Autoriser la consommation d'alcool dans les aires de jeu n'augmentera pas beaucoup les revenus des casinos, mais risque d'aggraver les problèmes des joueurs compulsifs. Le gouvernement Marois devrait faire une croix là-dessus.

Le Québec est le seul endroit en Amérique du Nord où il est interdit de jouer tout en consommant de l'alcool au casino. Et à en juger par les témoignages entendus au cours des dernières semaines, ce n'est pas plus mal.

Les clients voudraient pouvoir prendre un verre en jouant, et beaucoup de Québécois vont dépenser leur argent dans des casinos de l'extérieur de la province, a témoigné Loto-Québec en commission parlementaire. C'est juste, mais rien ne dit qu'en permettant ceci, on fera revenir ceux-là. Ce changement pourrait toutefois avoir des effets désastreux sur les clients actuels qui sont sujets à des problèmes de jeu.

Les trois quarts de la clientèle des casinos québécois proviennent de la province.
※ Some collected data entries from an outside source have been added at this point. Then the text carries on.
lemma acceptance_region_mechanism:
  fixes v :: "real \<Rightarrow> real" and p :: real
  assumes v: "continuous_on {q1..q2} v"
  defines "\<pi> \<equiv> indicator {q\<in>{q1..q2}. p \<le> v q} :: real \<Rightarrow> real"
  shows "signaling_mechanism q1 q2 \<pi>" "obedient q1 q2 g v \<pi> p"
    "signaling_revenue q1 q2 g \<pi> p = fixed_price_revenue q1 q2 g v p"
proof -
  note sets = sets_lborel_acceptance_regions[OF v, of p]
  show "signaling_mechanism q1 q2 \<pi>"
    using sets by (auto simp: signaling_mechanism_def \<pi>_def indicator_def)
  have "(LINT q:{q\<in>{q1..q2}. v q < p}|lborel. \<pi> q * g q) = (LINT q:{q\<in>{q1..q2}. v q < p}|lborel. 0)"
    by (rule set_lebesgue_integral_cong[OF sets(2)]) (auto simp: \<pi>_def)
  moreover have "(LINT q:{q\<in>{q1..q2}. p \<le> v q}|lborel. (1 - \<pi> q) * g q)
      = (LINT q:{q\<in>{q1..q2}. p \<le> v q}|lborel. 0)"
    by (rule set_lebesgue_integral_cong[OF sets(1)]) (auto simp: \<pi>_def)
  ultimately show "obedient q1 q2 g v \<pi> p"
    by (simp add: obedient_def set_lebesgue_integral_def)
  have "(LINT q:{q1..q2}|lborel. \<pi> q * g q) = (LINT q:{q\<in>{q1..q2}. p \<le> v q}|lborel. g q)"
    unfolding set_lebesgue_integral_def \<pi>_def
    by (rule Bochner_Integration.integral_cong) (auto simp: indicator_def)
  then show "signaling_revenue q1 q2 g \<pi> p = fixed_price_revenue q1 q2 g v p"
    by (simp add: signaling_revenue_def fixed_price_revenue_def)
qed

lemma obedient_signaling_revenues_eq_fixed_price_revenues:
  assumes "set_integrable lborel {q1..q2} g" "continuous_on {q1..q2} v"
  shows "{signaling_revenue q1 q2 g \<pi> p | \<pi> p.
            signaling_mechanism q1 q2 \<pi> \<and> obedient q1 q2 g v \<pi> p}
       = range (fixed_price_revenue q1 q2 g v)"
proof (intro equalityI subsetI)
  fix r assume "r \<in> {signaling_revenue q1 q2 g \<pi> p | \<pi> p.
            signaling_mechanism q1 q2 \<pi> \<and> obedient q1 q2 g v \<pi> p}"
  then show "r \<in> range (fixed_price_revenue q1 q2 g v)"
    using obedient_signaling_revenue_eq_fixed_price_revenue[OF assms] by auto
next
  fix r assume "r \<in> range (fixed_price_revenue q1 q2 g v)"
  then obtain p where r: "r = fixed_price_revenue q1 q2 g v p" by blast
  let ?\<pi> = "indicator {q\<in>{q1..q2}. p \<le> v q} :: real \<Rightarrow> real"
  have "signaling_mechanism q1 q2 ?\<pi>" "obedient q1 q2 g v ?\<pi> p"
    "r = signaling_revenue q1 q2 g ?\<pi> p"
    using acceptance_region_mechanism[OF assms(2)] r by auto
  then show "r \<in> {signaling_revenue q1 q2 g \<pi> p | \<pi> p.
            signaling_mechanism q1 q2 \<pi> \<and> obedient q1 q2 g v \<pi> p}" by blast
qed

lemma quality_cdf_eq_integral:
  assumes "set_integrable lborel {q1..q2} g" "x \<in> {q1..q2}"
  shows "quality_cdf q1 g x = integral {q1..x} g"
proof -
  have "set_integrable lborel {q1..x} g"
    by (rule set_integrable_subset[OF assms(1)]) (use assms(2) in auto)
  then show ?thesis
    unfolding quality_cdf_def by (rule set_borel_integral_eq_integral(2))
qed

lemma continuous_on_quality_cdf:
  assumes "set_integrable lborel {q1..q2} g"
  shows "continuous_on {q1..q2} (quality_cdf q1 g)"
proof -
  have "g integrable_on {q1..q2}"
    using set_borel_integral_eq_integral(1)[OF assms] .
  from indefinite_integral_continuous_1[OF this] show ?thesis
    by (rule continuous_on_eq) (simp add: quality_cdf_eq_integral[OF assms])
qed

lemma set_integral_upper_tail:
  assumes g: "set_integrable lborel {q1..q2} g" and x: "x \<in> {q1..q2}"
  shows "(LINT q:{x..q2}|lborel. g q) = (LINT q:{q1..q2}|lborel. g q) - quality_cdf q1 g x"
proof -
  have "set_integrable lborel {x..q2} g"
    by (rule set_integrable_subset[OF g]) (use x in auto)
  then have "(LINT q:{x..q2}|lborel. g q) = integral {x..q2} g"
    by (rule set_borel_integral_eq_integral(2))
  moreover have "integral {q1..x} g + integral {x..q2} g = integral {q1..q2} g"
    using Henstock_Kurzweil_Integration.integral_combine[OF _ _ set_borel_integral_eq_integral(1)[OF g]] x
    by auto
  ultimately show ?thesis
    using set_borel_integral_eq_integral(2)[OF g] quality_cdf_eq_integral[OF g x] by simp
qed

lemma fixed_price_revenue_at_valuation:
  fixes v :: "real \<Rightarrow> real"
  assumes g: "set_integrable lborel {q1..q2} g" "(LINT q:{q1..q2}|lborel. g q) = 1"
    and v: "strict_mono_on {q1..q2} v" and x: "x \<in> {q1..q2}"
  shows "fixed_price_revenue q1 q2 g v (v x) = (1 - quality_cdf q1 g x) * v x"
proof -
  have "{q\<in>{q1..q2}. v x \<le> v q} = {x..q2}"
    using x strict_mono_on_less_eq[OF v x] by auto
  then show ?thesis
    using set_integral_upper_tail[OF g(1) x] g(2) by (simp add: fixed_price_revenue_def)
qed

text \<open>Prices below v q1 are dominated by v q1 (the item always sells) and prices above v q2
  by v q2 (the item never sells); prices in between are valuations by the intermediate value
  theorem.\<close>

lemma fixed_price_revenue_dominated_by_valuation:
  fixes v :: "real \<Rightarrow> real"
  assumes "q1 \<le> q2"
    and g: "set_integrable lborel {q1..q2} g" "(LINT q:{q1..q2}|lborel. g q) = 1"
    and v: "strict_mono_on {q1..q2} v" "continuous_on {q1..q2} v"
  obtains x where "x \<in> {q1..q2}"
    "fixed_price_revenue q1 q2 g v p \<le> fixed_price_revenue q1 q2 g v (v x)"
proof -
  have q1: "q1 \<in> {q1..q2}" and q2: "q2 \<in> {q1..q2}" using \<open>q1 \<le> q2\<close> by auto
  consider "p \<le> v q1" | "v q1 < p" "p \<le> v q2" | "v q2 < p" by linarith
  then show ?thesis
  proof cases
    case 1
    have "{q\<in>{q1..q2}. p' \<le> v q} = {q1..q2}" if "p' \<le> v q1" for p'
      using that strict_mono_on_less_eq[OF v(1) q1] by fastforce
    then have "fixed_price_revenue q1 q2 g v p' = p'" if "p' \<le> v q1" for p'
      using that g(2) by (simp add: fixed_price_revenue_def)
    then show ?thesis using that[OF q1] 1 by simp
  next
    case 2
    then obtain x where "x \<in> {q1..q2}" "v x = p"
      using IVT'[of v q1 p q2] \<open>q1 \<le> q2\<close> v(2) by auto
    then show ?thesis using that by blast
  next
    case 3
    have never_sells: "{q\<in>{q1..q2}. p \<le> v q} = {}"
      using 3 strict_mono_on_less_eq[OF v(1) _ q2] by fastforce
    have "fixed_price_revenue q1 q2 g v p = 0"
      unfolding fixed_price_revenue_def never_sells by (simp add: set_lebesgue_integral_def)
    moreover have "quality_cdf q1 g q2 = 1"
      using g(2) by (simp add: quality_cdf_def)
    ultimately show ?thesis
      using that[OF q2] fixed_price_revenue_at_valuation[OF g v(1) q2] by simp
  qed
qed

lemma fixed_price_revenue_optimal_valuation:
  fixes v :: "real \<Rightarrow> real"
  assumes "q1 \<le> q2"
    and g: "set_integrable lborel {q1..q2} g" "(LINT q:{q1..q2}|lborel. g q) = 1"
    and v: "strict_mono_on {q1..q2} v" "continuous_on {q1..q2} v"
  obtains x0 where "x0 \<in> {q1..q2}"
    "\<forall>x\<in>{q1..q2}. (1 - quality_cdf q1 g x) * v x \<le> (1 - quality_cdf q1 g x0) * v x0"
    "Sup (range (fixed_price_revenue q1 q2 g v)) = (1 - quality_cdf q1 g x0) * v x0"
proof -
  have "continuous_on {q1..q2} (\<lambda>x. (1 - quality_cdf q1 g x) * v x)"
    by (intro continuous_intros continuous_on_quality_cdf[OF g(1)] v(2))
  moreover have "{q1..q2} \<noteq> {}" using \<open>q1 \<le> q2\<close> by simp
  ultimately obtain x0 where x0: "x0 \<in> {q1..q2}"
    and max: "\<forall>x\<in>{q1..q2}. (1 - quality_cdf q1 g x) * v x \<le> (1 - quality_cdf q1 g x0) * v x0"
    using continuous_attains_sup[OF compact_Icc] by blast
  note revenue = fixed_price_revenue_at_valuation[OF g v(1)]
  have "Sup (range (fixed_price_revenue q1 q2 g v)) = fixed_price_revenue q1 q2 g v (v x0)"
  proof (rule cSup_eq_maximum)
    show "fixed_price_revenue q1 q2 g v (v x0) \<in> range (fixed_price_revenue q1 q2 g v)" by simp
    fix r assume "r \<in> range (fixed_price_revenue q1 q2 g v)"
    then obtain p where r: "r = fixed_price_revenue q1 q2 g v p" by blast
    obtain x where x: "x \<in> {q1..q2}" and "r \<le> fixed_price_revenue q1 q2 g v (v x)"
      using fixed_price_revenue_dominated_by_valuation[OF assms] r by blast
    then show "r \<le> fixed_price_revenue q1 q2 g v (v x0)"
      using max[rule_format, OF x] revenue[OF x] revenue[OF x0] by linarith
  qed
  then show ?thesis using that x0 max revenue[OF x0] by simp
qed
On estime par ailleurs que 0,7% des adultes québécois sont des joueurs pathologiques, et 1,3% des joueurs à risque. C'est peu, mais c'est tout de même plus de 120 000 personnes. Or l'alcool, dont l'effet désinhibant est bien connu, peut augmenter la prise de risque et la perte de contrôle chez les joueurs compulsifs. 

Certes, on peut déjà boire dans les casinos, mais l'obligation de quitter sa machine ou sa table de jeu pour se procurer une consommation crée une pause salutaire, témoignent les centres d'aide.

Ce n'est pas pour rien que les directeurs de santé publique de Montréal, de la région de Québec et de la province s'opposent à ce changement de règlement, tout comme la Commission de la santé et des services sociaux. La position de la Commission est divisée, mais elle a reçu l'appui unanime des deux principales formations d'opposition - y compris du Parti libéral, qui avait pourtant appuyé la modernisation des casinos.

La consommation d'alcool dans les aires de jeu s'inscrit en effet dans une stratégie beaucoup plus large. Loto-Québec a investi 305 millions en rénovations au casino de Montréal et 50 millions à celui de Gatineau, installé un système de machines à sous multimédia dans Charlevoix et ajouté des salles de banquets à Tremblant. C'est là-dessus qu'elle compte pour générer l'essentiel des 50 millions de dividendes additionnels réclamés par Québec.

Sur les quarante millions qui proviendront des casinos, «quelques millions peut-être» sont liés à la consommation d'alcool dans les aires de jeu, confirme Loto-Québec. Quelques millions à quel prix? On estime que les problèmes de jeu d'un individu affectent 10 personnes dans son entourage.

Vingt ans après l'ouverture du casino de Montréal, voilà qu'on envisage d'y faciliter la consommation d'alcool pour renflouer les coffres de l'État. Le Québec est devenu complètement accro aux revenus des jeux de hasard. Et au lieu de réduire cette dépendance, on en redemande. Il est temps d'y voir.